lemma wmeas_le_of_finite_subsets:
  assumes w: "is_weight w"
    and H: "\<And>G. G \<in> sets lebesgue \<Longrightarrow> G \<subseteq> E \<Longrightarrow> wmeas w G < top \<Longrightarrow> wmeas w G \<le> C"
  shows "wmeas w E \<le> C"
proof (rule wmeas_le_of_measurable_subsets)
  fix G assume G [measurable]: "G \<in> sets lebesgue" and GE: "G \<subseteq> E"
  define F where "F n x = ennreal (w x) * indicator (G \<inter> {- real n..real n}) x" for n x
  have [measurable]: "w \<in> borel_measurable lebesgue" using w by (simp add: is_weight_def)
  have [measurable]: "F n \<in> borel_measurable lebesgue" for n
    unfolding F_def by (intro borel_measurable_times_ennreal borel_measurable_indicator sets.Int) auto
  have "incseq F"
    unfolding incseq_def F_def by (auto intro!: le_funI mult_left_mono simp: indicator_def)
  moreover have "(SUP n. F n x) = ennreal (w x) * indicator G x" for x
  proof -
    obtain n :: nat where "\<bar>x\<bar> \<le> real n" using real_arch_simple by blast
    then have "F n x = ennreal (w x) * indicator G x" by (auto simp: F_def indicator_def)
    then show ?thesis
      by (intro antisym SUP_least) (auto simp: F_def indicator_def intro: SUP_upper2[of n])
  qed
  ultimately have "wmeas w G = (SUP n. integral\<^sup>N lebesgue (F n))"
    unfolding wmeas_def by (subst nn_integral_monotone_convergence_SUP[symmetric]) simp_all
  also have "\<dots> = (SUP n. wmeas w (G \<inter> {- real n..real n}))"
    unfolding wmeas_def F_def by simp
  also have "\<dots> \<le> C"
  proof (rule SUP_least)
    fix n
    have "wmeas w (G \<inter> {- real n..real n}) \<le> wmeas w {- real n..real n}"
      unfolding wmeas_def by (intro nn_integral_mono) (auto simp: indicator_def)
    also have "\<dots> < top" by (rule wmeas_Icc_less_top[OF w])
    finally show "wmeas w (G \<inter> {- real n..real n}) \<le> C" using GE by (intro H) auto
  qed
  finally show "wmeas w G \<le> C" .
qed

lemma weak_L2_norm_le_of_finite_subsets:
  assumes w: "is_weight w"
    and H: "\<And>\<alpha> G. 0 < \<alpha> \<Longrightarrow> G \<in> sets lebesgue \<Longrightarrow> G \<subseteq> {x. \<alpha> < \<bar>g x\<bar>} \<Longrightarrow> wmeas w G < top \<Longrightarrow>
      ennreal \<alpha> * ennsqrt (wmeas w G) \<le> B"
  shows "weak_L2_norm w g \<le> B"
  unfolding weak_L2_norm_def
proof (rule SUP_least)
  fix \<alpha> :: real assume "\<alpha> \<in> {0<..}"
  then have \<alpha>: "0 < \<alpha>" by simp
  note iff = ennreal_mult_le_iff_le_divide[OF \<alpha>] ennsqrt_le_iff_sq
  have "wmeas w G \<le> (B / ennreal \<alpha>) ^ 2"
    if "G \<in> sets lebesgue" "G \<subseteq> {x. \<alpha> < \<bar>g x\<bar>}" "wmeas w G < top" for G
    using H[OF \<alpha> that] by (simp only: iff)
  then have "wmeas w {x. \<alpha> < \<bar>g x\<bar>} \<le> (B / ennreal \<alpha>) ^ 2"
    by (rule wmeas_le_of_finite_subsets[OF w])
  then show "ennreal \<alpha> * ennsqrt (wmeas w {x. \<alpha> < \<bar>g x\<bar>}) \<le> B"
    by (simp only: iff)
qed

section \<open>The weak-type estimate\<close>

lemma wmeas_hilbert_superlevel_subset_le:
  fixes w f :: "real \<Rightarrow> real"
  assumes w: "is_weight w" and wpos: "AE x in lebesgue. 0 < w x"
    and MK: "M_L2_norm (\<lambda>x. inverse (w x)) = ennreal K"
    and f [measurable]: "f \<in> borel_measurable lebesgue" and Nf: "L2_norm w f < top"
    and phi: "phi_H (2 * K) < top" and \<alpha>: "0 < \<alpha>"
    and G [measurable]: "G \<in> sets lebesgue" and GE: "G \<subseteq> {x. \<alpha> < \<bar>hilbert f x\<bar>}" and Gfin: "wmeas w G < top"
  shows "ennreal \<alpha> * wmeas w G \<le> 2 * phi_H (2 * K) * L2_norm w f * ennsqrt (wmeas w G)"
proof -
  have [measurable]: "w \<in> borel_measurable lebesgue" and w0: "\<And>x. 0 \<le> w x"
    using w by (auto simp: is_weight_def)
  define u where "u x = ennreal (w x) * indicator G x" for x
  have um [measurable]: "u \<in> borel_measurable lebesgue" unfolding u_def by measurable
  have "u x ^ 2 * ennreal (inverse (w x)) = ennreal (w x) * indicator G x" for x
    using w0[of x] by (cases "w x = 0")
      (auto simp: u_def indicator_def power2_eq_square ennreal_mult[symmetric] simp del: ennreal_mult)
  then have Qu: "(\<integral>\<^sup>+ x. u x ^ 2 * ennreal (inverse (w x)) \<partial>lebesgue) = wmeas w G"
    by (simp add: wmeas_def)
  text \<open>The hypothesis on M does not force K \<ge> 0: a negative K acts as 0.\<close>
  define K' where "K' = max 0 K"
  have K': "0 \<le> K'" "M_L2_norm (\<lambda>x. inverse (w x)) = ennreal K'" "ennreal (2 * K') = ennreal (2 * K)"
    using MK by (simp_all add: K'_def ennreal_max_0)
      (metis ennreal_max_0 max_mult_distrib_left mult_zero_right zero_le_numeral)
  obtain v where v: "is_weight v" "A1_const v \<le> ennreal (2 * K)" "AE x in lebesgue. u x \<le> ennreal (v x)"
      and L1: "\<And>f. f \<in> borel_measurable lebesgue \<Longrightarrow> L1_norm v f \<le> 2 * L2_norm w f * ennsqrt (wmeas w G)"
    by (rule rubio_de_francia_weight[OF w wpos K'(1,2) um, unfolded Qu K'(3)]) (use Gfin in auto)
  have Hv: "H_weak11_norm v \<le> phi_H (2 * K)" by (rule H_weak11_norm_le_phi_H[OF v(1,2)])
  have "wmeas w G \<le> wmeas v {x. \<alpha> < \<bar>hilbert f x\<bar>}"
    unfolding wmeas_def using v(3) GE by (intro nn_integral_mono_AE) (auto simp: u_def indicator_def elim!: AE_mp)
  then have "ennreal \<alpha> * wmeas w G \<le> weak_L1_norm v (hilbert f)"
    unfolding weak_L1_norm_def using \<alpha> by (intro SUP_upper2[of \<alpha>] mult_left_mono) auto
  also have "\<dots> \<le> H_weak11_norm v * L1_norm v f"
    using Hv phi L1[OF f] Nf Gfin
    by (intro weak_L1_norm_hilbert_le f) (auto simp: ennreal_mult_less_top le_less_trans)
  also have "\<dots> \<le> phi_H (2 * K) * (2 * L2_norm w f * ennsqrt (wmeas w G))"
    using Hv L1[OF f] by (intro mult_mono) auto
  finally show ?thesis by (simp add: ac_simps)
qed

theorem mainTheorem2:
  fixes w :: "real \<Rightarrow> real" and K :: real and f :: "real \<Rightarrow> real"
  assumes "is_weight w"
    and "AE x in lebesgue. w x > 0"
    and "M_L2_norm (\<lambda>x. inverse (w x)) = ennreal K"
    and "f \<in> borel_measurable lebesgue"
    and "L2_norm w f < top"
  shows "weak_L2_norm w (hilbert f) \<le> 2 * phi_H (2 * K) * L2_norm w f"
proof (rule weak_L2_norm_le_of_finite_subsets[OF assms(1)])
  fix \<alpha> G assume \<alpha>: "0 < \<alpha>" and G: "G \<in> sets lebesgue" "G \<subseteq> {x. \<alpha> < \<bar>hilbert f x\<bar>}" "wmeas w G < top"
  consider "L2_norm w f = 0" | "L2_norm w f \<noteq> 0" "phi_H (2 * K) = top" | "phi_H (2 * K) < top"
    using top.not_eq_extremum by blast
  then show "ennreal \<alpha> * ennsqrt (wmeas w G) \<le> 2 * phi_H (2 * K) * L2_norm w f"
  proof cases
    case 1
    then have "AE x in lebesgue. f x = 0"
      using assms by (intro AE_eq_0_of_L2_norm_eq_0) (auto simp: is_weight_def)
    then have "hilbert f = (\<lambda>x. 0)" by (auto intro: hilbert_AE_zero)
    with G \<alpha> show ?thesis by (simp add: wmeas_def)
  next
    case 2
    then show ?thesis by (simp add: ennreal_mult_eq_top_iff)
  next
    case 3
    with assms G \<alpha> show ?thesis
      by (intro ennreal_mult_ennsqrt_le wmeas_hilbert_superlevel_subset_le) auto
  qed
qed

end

→ **GOAL OF THE EXERCISE**:
How many lines in the records above contain the word "finally"? Reply with the number alone.

→ **WORKED SOLUTION**:
3